Concepts of machine and mechanism. Structure of linkage mechanisms, their metric synthesis, graphical and grapho analytical kinematics. Classification of cam mechanisms, dimension calculation, the profile synthesis. Gear mechanisms, gear and their design. Machine dynamics. Flywheel design for the machine. Mechanisms balancing. 5 laboratory works. Course project. Exam.

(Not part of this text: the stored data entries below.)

definition growth_map :: "real \<Rightarrow> (real \<Rightarrow> real) \<Rightarrow> real \<Rightarrow> real" where
  "growth_map alphaT phi y =
     (THE z. \<exists>X. X 0 = exp (alphaT * y) \<and>
        (\<forall>t\<in>{0..1}. X t > 0 \<and>
           (X has_real_derivative (X t * phi (X t))) (at t within {0..1})) \<and>
        z = ln (X 1) / alphaT)"

fun Yplus :: "(real \<Rightarrow> real) \<Rightarrow> real \<Rightarrow> real \<Rightarrow> (nat \<Rightarrow> real) \<Rightarrow> nat \<Rightarrow> real" where
  "Yplus F abT Y0 d 0 = Y0 - BED_T abT (d 0)"
| "Yplus F abT Y0 d (Suc i) = F (Yplus F abT Y0 d i) - BED_T abT (d (Suc i))"

definition optval :: "(real \<Rightarrow> real) \<Rightarrow> real \<Rightarrow> real \<Rightarrow> real \<Rightarrow> real \<Rightarrow> real \<Rightarrow> nat \<Rightarrow> real" where
  "optval F abT Y0 gamma abO c N =
     Inf {Yplus F abT Y0 d (N - 1) | d.
            (\<forall>k<N. d k \<ge> 0) \<and> (\<Sum>k<N. BED_O gamma abO (d k)) \<le> c}"

end

theory Submission
  imports Defs "HOL-Complex_Analysis.Conformal_Mappings"
begin

text \<open>Since \<open>\<phi> > r\<close>, one day of growth raises \<open>Y\<close> by at least \<open>r/\<alpha>\<^sub>T\<close>, while the OAR budget bounds
  the total tumour BED that any feasible schedule can deliver by a constant multiple of \<open>c\<close>.
  Hence \<open>V(N)\<close> grows at least linearly in \<open>N\<close>, so it exceeds \<open>V(1)\<close> for all large \<open>N\<close> and the
  minimum is taken over finitely many \<open>N\<close>. The only delicate point is that \<open>growth_map\<close> is a
  definite description: the ODE must be shown to have a unique solution on \<open>[0,1]\<close>. Uniqueness
  follows from monotonicity of \<open>\<phi>\<close>; existence from separation of variables in \<open>u = ln x\<close>.\<close>

definition growth_solution :: "(real \<Rightarrow> real) \<Rightarrow> (real \<Rightarrow> real) \<Rightarrow> bool" where
  "growth_solution phi X \<longleftrightarrow>
     (\<forall>t\<in>{0..1}. X t > 0 \<and> (X has_real_derivative X t * phi (X t)) (at t within {0..1}))"

lemma nonneg_derivative_within_imp_le:
  fixes f f' :: "real \<Rightarrow> real"
  assumes "a \<le> b"
    and deriv: "\<And>t. t \<in> {a..b} \<Longrightarrow> (f has_real_derivative f' t) (at t within {a..b})"
    and nonneg: "\<And>t. t \<in> {a..b} \<Longrightarrow> f' t \<ge> 0"
  shows "f a \<le> f b"
proof (rule DERIV_nonneg_imp_increasing_open[OF \<open>a \<le> b\<close>])
  show "continuous_on {a..b} f" using deriv by (rule DERIV_continuous_on)
  fix x assume "a < x" "x < b"
  then show "\<exists>y. DERIV f x :> y \<and> y \<ge> 0"
    using deriv[of x] nonneg[of x] by (auto simp: at_within_Icc_at)
qed

lemma growth_solution_ln_deriv:
  assumes "growth_solution phi X" and "t \<in> {0..1}"
  shows "((\<lambda>t. ln (X t)) has_real_derivative phi (X t)) (at t within {0..1})"
proof -
  have "X t > 0" and "(X has_real_derivative X t * phi (X t)) (at t within {0..1})"
    using assms by (auto simp: growth_solution_def)
  then have "((\<lambda>t. ln (X t)) has_real_derivative 1 / X t * (X t * phi (X t))) (at t within {0..1})"
    by (auto intro!: derivative_eq_intros)
  then show ?thesis using \<open>X t > 0\<close> by simp
qed

lemma growth_solution_ln_increase:
  assumes "\<And>x. x > 0 \<Longrightarrow> r \<le> phi x" and X: "growth_solution phi X"
  shows "ln (X 0) + r \<le> ln (X 1)"
proof -
  have "ln (X 0) - r * 0 \<le> ln (X 1) - r * 1"
  proof (rule nonneg_derivative_within_imp_le[where f = "\<lambda>t. ln (X t) - r * t"])
    fix t :: real assume t: "t \<in> {0..1}"
    have "((\<lambda>t. r * t) has_real_derivative r) (at t within {0..1})"
      by (auto intro!: derivative_eq_intros)
    with growth_solution_ln_deriv[OF X t]
    show "((\<lambda>t. ln (X t) - r * t) has_real_derivative phi (X t) - r) (at t within {0..1})"
      by (rule DERIV_diff)
    show "phi (X t) - r \<ge> 0" using assms t by (simp add: growth_solution_def)
  qed simp
  then show ?thesis by simp
qed

text \<open>For two solutions, \<open>w = ln X - ln Y\<close> satisfies \<open>w (\<phi> X - \<phi> Y) \<le> 0\<close> because \<open>\<phi>\<close> is
  non-increasing, so \<open>w\<^sup>2\<close> is non-increasing and vanishes identically.\<close>
lemma growth_solution_unique:
  assumes antitone: "\<And>x y. 0 < x \<Longrightarrow> x \<le> y \<Longrightarrow> phi y \<le> phi x"
    and X: "growth_solution phi X" and Y: "growth_solution phi Y" and "X 0 = Y 0"
  shows "X 1 = Y 1"
proof -
  define w where "w t = ln (X t) - ln (Y t)" for t
  have pos: "X t > 0" "Y t > 0" if "t \<in> {0..1}" for t
    using X Y that by (auto simp: growth_solution_def)
  have "- (w 0)\<^sup>2 \<le> - (w 1)\<^sup>2"
  proof (rule nonneg_derivative_within_imp_le[where f = "\<lambda>t. - (w t)\<^sup>2"])
    fix t :: real assume t: "t \<in> {0..1}"
    have "(w has_real_derivative phi (X t) - phi (Y t)) (at t within {0..1})"
      unfolding w_def using growth_solution_ln_deriv[OF X t] growth_solution_ln_deriv[OF Y t]
      by (rule DERIV_diff)
    then show "((\<lambda>t. - (w t)\<^sup>2) has_real_derivative - (2 * w t * (phi (X t) - phi (Y t))))
        (at t within {0..1})"
      by (auto intro!: derivative_eq_intros)
    show "- (2 * w t * (phi (X t) - phi (Y t))) \<ge> 0"
    proof (cases "X t \<le> Y t")
      case True
      then have "w t \<le> 0" "phi (Y t) \<le> phi (X t)" using pos[OF t] antitone by (auto simp: w_def)
      then show ?thesis by (simp add: mult_nonpos_nonneg)
    next
      case False
      then have "w t \<ge> 0" "phi (X t) \<le> phi (Y t)" using pos[OF t] antitone by (auto simp: w_def)
      then show ?thesis by (simp add: mult_nonneg_nonpos)
    qed
  qed simp
  moreover have "w 0 = 0" using \<open>X 0 = Y 0\<close> by (simp add: w_def)
  ultimately have "w 1 = 0" by simp
  then show ?thesis using pos[of 1] by (simp add: w_def)
qed
lemma coupling_empirical_dual_bound:
  fixes c :: "real \<Rightarrow> real \<Rightarrow> real" and \<phi> \<psi> :: "nat \<Rightarrow> real"
  assumes \<pi>: "\<pi> \<in> couplings (empirical n x) (empirical n y)" and "0 < n"
    and dual: "\<And>j k. j < n \<Longrightarrow> k < n \<Longrightarrow> \<phi> j - \<psi> k \<le> c (x j) (y k)"
    and tight: "\<And>k. k < n \<Longrightarrow> \<phi> k - \<psi> k = c (x k) (y k)"
  shows "(\<Sum>k<n. c (x k) (y k)) / n \<le> measure_pmf.expectation \<pi> (\<lambda>(a, b). c a b)"
proof -
  \<comment> \<open>By tightness, \<open>\<phi>\<close> and \<open>\<psi>\<close> only depend on the points \<open>x j\<close> and \<open>y k\<close>, not on the indices.\<close>
  define \<Phi> where "\<Phi> a = \<phi> (SOME j. j < n \<and> x j = a)" for a
  define \<Psi> where "\<Psi> b = \<psi> (SOME k. k < n \<and> y k = b)" for b
  have \<Phi>: "\<Phi> (x j) = \<phi> j" if "j < n" for j
  proof -
    define j' where "j' = (SOME j'. j' < n \<and> x j' = x j)"
    have j': "j' < n" "x j' = x j"
      using someI[of "\<lambda>j'. j' < n \<and> x j' = x j" j] that unfolding j'_def by auto
    show ?thesis using dual[of j' j] dual[of j j'] tight[of j] tight[of j'] j' that by (simp add: \<Phi>_def flip: j'_def)
  qed
  have \<Psi>: "\<Psi> (y k) = \<psi> k" if "k < n" for k
  proof -
    define k' where "k' = (SOME k'. k' < n \<and> y k' = y k)"
    have k': "k' < n" "y k' = y k"
      using someI[of "\<lambda>k'. k' < n \<and> y k' = y k" k] that unfolding k'_def by auto
    show ?thesis using dual[of k k'] dual[of k' k] tight[of k] tight[of k'] k' that by (simp add: \<Psi>_def flip: k'_def)
  qed
  have marginals: "map_pmf fst \<pi> = empirical n x" "map_pmf snd \<pi> = empirical n y"
    using \<pi> by (auto simp: couplings_def)
  have int: "integrable (measure_pmf \<pi>) f" for f :: "real \<times> real \<Rightarrow> real"
    using finite_set_pmf_coupling_empirical[OF \<pi> \<open>0 < n\<close>] by (rule integrable_measure_pmf_finite)
  have "(\<Sum>k<n. c (x k) (y k)) = (\<Sum>k<n. \<Phi> (x k) - \<Psi> (y k))"
    by (rule sum.cong) (simp_all add: \<Phi> \<Psi> tight)
  then have "(\<Sum>k<n. c (x k) (y k)) / n = (\<Sum>k<n. \<Phi> (x k)) / n - (\<Sum>k<n. \<Psi> (y k)) / n"
    by (simp add: sum_subtractf diff_divide_distrib)
  also have "\<dots> = measure_pmf.expectation (empirical n x) \<Phi> - measure_pmf.expectation (empirical n y) \<Psi>"
    using \<open>0 < n\<close> by (simp add: integral_empirical)
  also have "\<dots> = measure_pmf.expectation \<pi> (\<lambda>p. \<Phi> (fst p) - \<Psi> (snd p))"
    by (simp add: int flip: marginals)
  also have "\<dots> \<le> measure_pmf.expectation \<pi> (\<lambda>(a, b). c a b)"
  proof (rule integral_mono_AE[OF int int], unfold AE_measure_pmf_iff, intro ballI)
    fix p assume "p \<in> set_pmf \<pi>"
    then obtain j k where "j < n" "k < n" "p = (x j, y k)"
      using set_pmf_coupling_empirical[OF \<pi> \<open>0 < n\<close>] by blast
    then show "\<Phi> (fst p) - \<Psi> (snd p) \<le> (case p of (a, b) \<Rightarrow> c a b)"
      using dual[of j k] by (simp add: \<Phi> \<Psi>)
  qed
  finally show ?thesis .
qed

lemma coupling_empirical_Monge_bound:
  fixes c :: "real \<Rightarrow> real \<Rightarrow> real"
  assumes "\<pi> \<in> couplings (empirical n x) (empirical n y)" and "0 < n"
    and "\<And>j j' k k'. j \<le> j' \<Longrightarrow> j' < n \<Longrightarrow> k \<le> k' \<Longrightarrow> k' < n \<Longrightarrow>
      c (x j) (y k) + c (x j') (y k') \<le> c (x j) (y k') + c (x j') (y k)"
  shows "(\<Sum>k<n. c (x k) (y k)) / n \<le> measure_pmf.expectation \<pi> (\<lambda>(a, b). c a b)"
proof -
  define \<psi> where "\<psi> = Monge_potential (\<lambda>j k. c (x j) (y k))"
  show ?thesis
  proof (rule coupling_empirical_dual_bound[OF assms(1,2)])
    show "\<psi> j + c (x j) (y j) - \<psi> k \<le> c (x j) (y k)" if "j < n" "k < n" for j k
      unfolding \<psi>_def by (rule Monge_potential_le) (use assms(3) that in auto)
  qed simp
qed

lemma integral_mult_kernel_bary:
  fixes \<pi> :: "(real \<times> real) pmf" and \<beta> :: "real \<Rightarrow> real"
  assumes fin: "finite (set_pmf \<pi>)"
  shows "measure_pmf.expectation (map_pmf fst \<pi>) (\<lambda>a. \<beta> a * kernel_bary \<pi> a)
       = measure_pmf.expectation \<pi> (\<lambda>p. \<beta> (fst p) * snd p)"
proof -
  define A where "A = fst ` set_pmf \<pi>"
  define N where "N a = measure_pmf.expectation \<pi> (\<lambda>(a', b). if a' = a then b else 0)" for a
  have "finite A" using fin by (simp add: A_def)
  have "measure_pmf.expectation (map_pmf fst \<pi>) (\<lambda>a. \<beta> a * kernel_bary \<pi> a)
      = (\<Sum>a\<in>A. \<beta> a * kernel_bary \<pi> a * pmf (map_pmf fst \<pi>) a)"
    by (rule integral_measure_pmf_real) (use fin in \<open>auto simp: A_def\<close>)
  also have "\<dots> = (\<Sum>a\<in>A. \<beta> a * N a)"
  proof (rule sum.cong[OF refl])
    fix a assume "a \<in> A"
    then have "0 < pmf (map_pmf fst \<pi>) a" by (simp add: A_def pmf_positive)
    then show "\<beta> a * kernel_bary \<pi> a * pmf (map_pmf fst \<pi>) a = \<beta> a * N a"
      by (simp add: kernel_bary_def N_def)
  qed
  also have "\<dots> = measure_pmf.expectation \<pi> (\<lambda>p. \<Sum>a\<in>A. \<beta> a * (if fst p = a then snd p else 0))"
    by (simp add: N_def integrable_measure_pmf_finite[OF fin] case_prod_unfold)
  also have "\<dots> = measure_pmf.expectation \<pi> (\<lambda>p. \<beta> (fst p) * snd p)"
  proof (rule integral_cong_AE, unfold AE_measure_pmf_iff)
    show "\<forall>p\<in>set_pmf \<pi>. (\<Sum>a\<in>A. \<beta> a * (if fst p = a then snd p else 0)) = \<beta> (fst p) * snd p"
      using \<open>finite A\<close> by (auto simp: A_def if_distrib sum.delta' cong: if_cong)
  qed simp_all
  finally show ?thesis .
qed

lemma affine_minorant_le_integral_kernel_bary:
  fixes \<pi> :: "(real \<times> real) pmf" and \<alpha> \<beta> :: "real \<Rightarrow> real" and h :: "real \<Rightarrow> real \<Rightarrow> real"
  assumes fin: "finite (set_pmf \<pi>)"
    and minorant: "\<And>a z. a \<in> set_pmf (map_pmf fst \<pi>) \<Longrightarrow> \<alpha> a - \<beta> a * z \<le> h a z"
  shows "measure_pmf.expectation \<pi> (\<lambda>p. \<alpha> (fst p) - \<beta> (fst p) * snd p)
       \<le> measure_pmf.expectation (map_pmf fst \<pi>) (\<lambda>a. h a (kernel_bary \<pi> a))"
proof -
  have fin_fst: "finite (set_pmf (map_pmf fst \<pi>))" using fin by simp
  note int = integrable_measure_pmf_finite[OF fin] integrable_measure_pmf_finite[OF fin_fst]
  have "measure_pmf.expectation \<pi> (\<lambda>p. \<alpha> (fst p) - \<beta> (fst p) * snd p)
      = measure_pmf.expectation (map_pmf fst \<pi>) \<alpha>
        - measure_pmf.expectation \<pi> (\<lambda>p. \<beta> (fst p) * snd p)"
    by (simp add: int)
  also have "\<dots> = measure_pmf.expectation (map_pmf fst \<pi>) \<alpha>
        - measure_pmf.expectation (map_pmf fst \<pi>) (\<lambda>a. \<beta> a * kernel_bary \<pi> a)"
    by (simp only: integral_mult_kernel_bary[OF fin])
  also have "\<dots> = measure_pmf.expectation (map_pmf fst \<pi>) (\<lambda>a. \<alpha> a - \<beta> a * kernel_bary \<pi> a)"
    by (simp add: int)
  also have "\<dots> \<le> measure_pmf.expectation (map_pmf fst \<pi>) (\<lambda>a. h a (kernel_bary \<pi> a))"
    by (rule integral_mono_AE) (use int minorant in \<open>auto simp: AE_measure_pmf_iff\<close>)
  finally show ?thesis .
qed
definition BL :: "nat \<Rightarrow> nat \<Rightarrow> IS list \<Rightarrow> IS list \<Rightarrow> IS list \<Rightarrow> IS list \<Rightarrow> IS list \<Rightarrow> IS list \<Rightarrow> complex" where
  "BL l r hs hs' h0 h1 h2 h3 =
     (\<Prod>i<l. Bc (hs ! i) (hs' ! i) (h0 ! i) (h1 ! i) (h2 ! i) (h3 ! i)) *
     (\<Prod>j\<in>{l..<l+r}. cnj (Bc (hs ! j) (hs' ! j) (h0 ! j) (h1 ! j) (h2 ! j) (h3 ! j)))"

definition sL :: "nat \<Rightarrow> nat \<Rightarrow> IS list \<Rightarrow> real" where
  "sL l r g = (\<Sum>i<l. wt (g ! i)) - (\<Sum>j\<in>{l..<l+r}. wt (g ! j))"

definition zeroL :: "nat \<Rightarrow> nat \<Rightarrow> IS list" where
  "zeroL l r = replicate (l + r) H0"

text \<open>The algebra S is the whole carrier type 'v, a vector space over \<complex> with scalar
  multiplication scale; the grading is given by the family of component projections
  proj g (so S_g = range (proj g)); mult is the product and one the unit.\<close>

definition framed_algebra ::
  "nat \<Rightarrow> nat \<Rightarrow> (complex \<Rightarrow> 'v::ab_group_add \<Rightarrow> 'v) \<Rightarrow> ('v \<Rightarrow> 'v \<Rightarrow> 'v)
     \<Rightarrow> (IS list \<Rightarrow> 'v \<Rightarrow> 'v) \<Rightarrow> 'v \<Rightarrow> bool" where
  "framed_algebra l r scale mult proj one \<longleftrightarrow>
     vector_space scale
   \<and> (\<exists>B. finite B \<and> module.span scale B = UNIV)
   \<comment> \<open>grading S = \<Oplus>_{g \<in> IS^(l,r)} S_g\<close>
   \<and> (\<forall>g. Vector_Spaces.linear scale scale (proj g))
   \<and> (\<forall>g m x. proj g (proj m x) = (if g = m then proj g x else 0))
   \<and> (\<forall>g. g \<notin> grades l r \<longrightarrow> (\<forall>x. proj g x = 0))
   \<and> (\<forall>x. x = (\<Sum>g\<in>grades l r. proj g x))
   \<comment> \<open>bilinear product\<close>
   \<and> (\<forall>z. Vector_Spaces.linear scale scale (\<lambda>x. mult x z)
          \<and> Vector_Spaces.linear scale scale (mult z))
   \<comment> \<open>(FA1)\<close>
   \<and> (\<forall>g. sL l r g \<notin> \<int> \<longrightarrow> (\<forall>x. proj g x = 0))
   \<comment> \<open>(FA2)\<close>
   \<and> one \<noteq> 0
   \<and> range (proj (zeroL l r)) = {scale c one | c. True}
   \<and> (\<forall>x. mult one x = x \<and> mult x one = x)
   \<comment> \<open>(FA3)\<close>
   \<and> (\<forall>g1 g2 x y. x \<in> range (proj g1) \<longrightarrow> y \<in> range (proj g2) \<longrightarrow>
         (\<forall>g. g \<notin> fusionL g1 g2 \<longrightarrow> proj g (mult x y) = 0))
   \<comment> \<open>(FA4)\<close>
   \<and> (\<forall>g0 g1 g2 g3 g' a1 a2 a3.
         g0 \<in> grades l r \<longrightarrow> g1 \<in> grades l r \<longrightarrow> g2 \<in> grades l r \<longrightarrow> g3 \<in> grades l r \<longrightarrow>
         a1 \<in> range (proj g1) \<longrightarrow> a2 \<in> range (proj g2) \<longrightarrow> a3 \<in> range (proj g3) \<longrightarrow>
         g' \<in> AL g0 g2 g1 g3 \<longrightarrow>
         proj g0 (mult a2 (proj g' (mult a1 a3))) =
           (\<Sum>g\<in>AL g0 g1 g2 g3.
              scale (BL l r g g' g0 g1 g2 g3) (proj g0 (mult a1 (proj g (mult a2 a3))))))"

definition graded_ideal ::
  "(complex \<Rightarrow> 'v::ab_group_add \<Rightarrow> 'v) \<Rightarrow> ('v \<Rightarrow> 'v \<Rightarrow> 'v) \<Rightarrow> (IS list \<Rightarrow> 'v \<Rightarrow> 'v) \<Rightarrow> 'v set \<Rightarrow> bool" where
  "graded_ideal scale mult proj M \<longleftrightarrow>
     module.subspace scale M
   \<and> (\<forall>g x. x \<in> M \<longrightarrow> proj g x \<in> M)
   \<and> (\<forall>a x. x \<in> M \<longrightarrow> mult a x \<in> M)"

Students must participate in at least 75% of the exercises and complete at least 75% of the laboratory work in the scheduled time.

Module aim

To enable students to seek basic chemical knowledge in shaping their concept of their application in practical and professional activities.

Module description

It is a set of theoretical knowledge and practical skills that help understand forecasting methods of thermodynamic systems, the formation of solutions and their properties, water chemistry, oxidation-reduction processes, which are taking place in electrochemical devices, electrolysis, and corrosion of metals, which are very important in rapidly changing in operational situations in the field of mechanical engineering. Understanding of the studied chemical processes or phenomena and the ability to manage them will contribute to effective work in this field of engineering.
Students must attend at least 70 % of the scheduled laboratory work sessions and at least 50 % of theoretical lectures. Students are required to complete all scheduled laboratory work.

Module aim

To prepare the specialist which according to drawings of machine parts and their specifications would rightly understand processes of their production and itself could create, select, and improve technological processes of their production thanks to which quality of a machine and its parts would be achieved with a minimal cost.

Module description

Production and technological processes, operations, their division to separate parts. Machine as production object. Specifications of a machine and its parts, their research, methods of quality assurance. Design and rating of technological process of parts production. Evaluation of effectiveness of technological process Processes plans for production of machine parts of different types. Documentation of technological processes. Creation of operation programs. Participation in practical works at least 60% of scheduled exercises is mandatory. Participation in laboratory works in all scheduled exercises is mandatory.

Module aim

Introduction to machine elements and various joints of them.

Module description

Machine elements. The criteria of operation. Joints of elements. Welded, pressed, riveted, glued joints. Thread, wedge-shaped, splined, pin joints (connections). Friction drives. Belt drives. Gear drives: cylindrical and conical gear drives. Worm gear drives. Shafts, bearings, couplings, sealing and lubricating equipment. Laboratory works. The course project.

Students must participate in at least 75% of the lectures, exercises and complete at least 75% of the laboratory work in the scheduled time.

Module aim

To provide knowledge of processes which take place in metal cutting zone, conventional metal cutting methods, modern metal cutting tools, their design, geometry and materials.

Module description

The module provides information about processes which take place in metal cutting zone, about basic metal cutting tools, their types, design and geometrical parameters, about materials used for cutting part of metal cutting tools.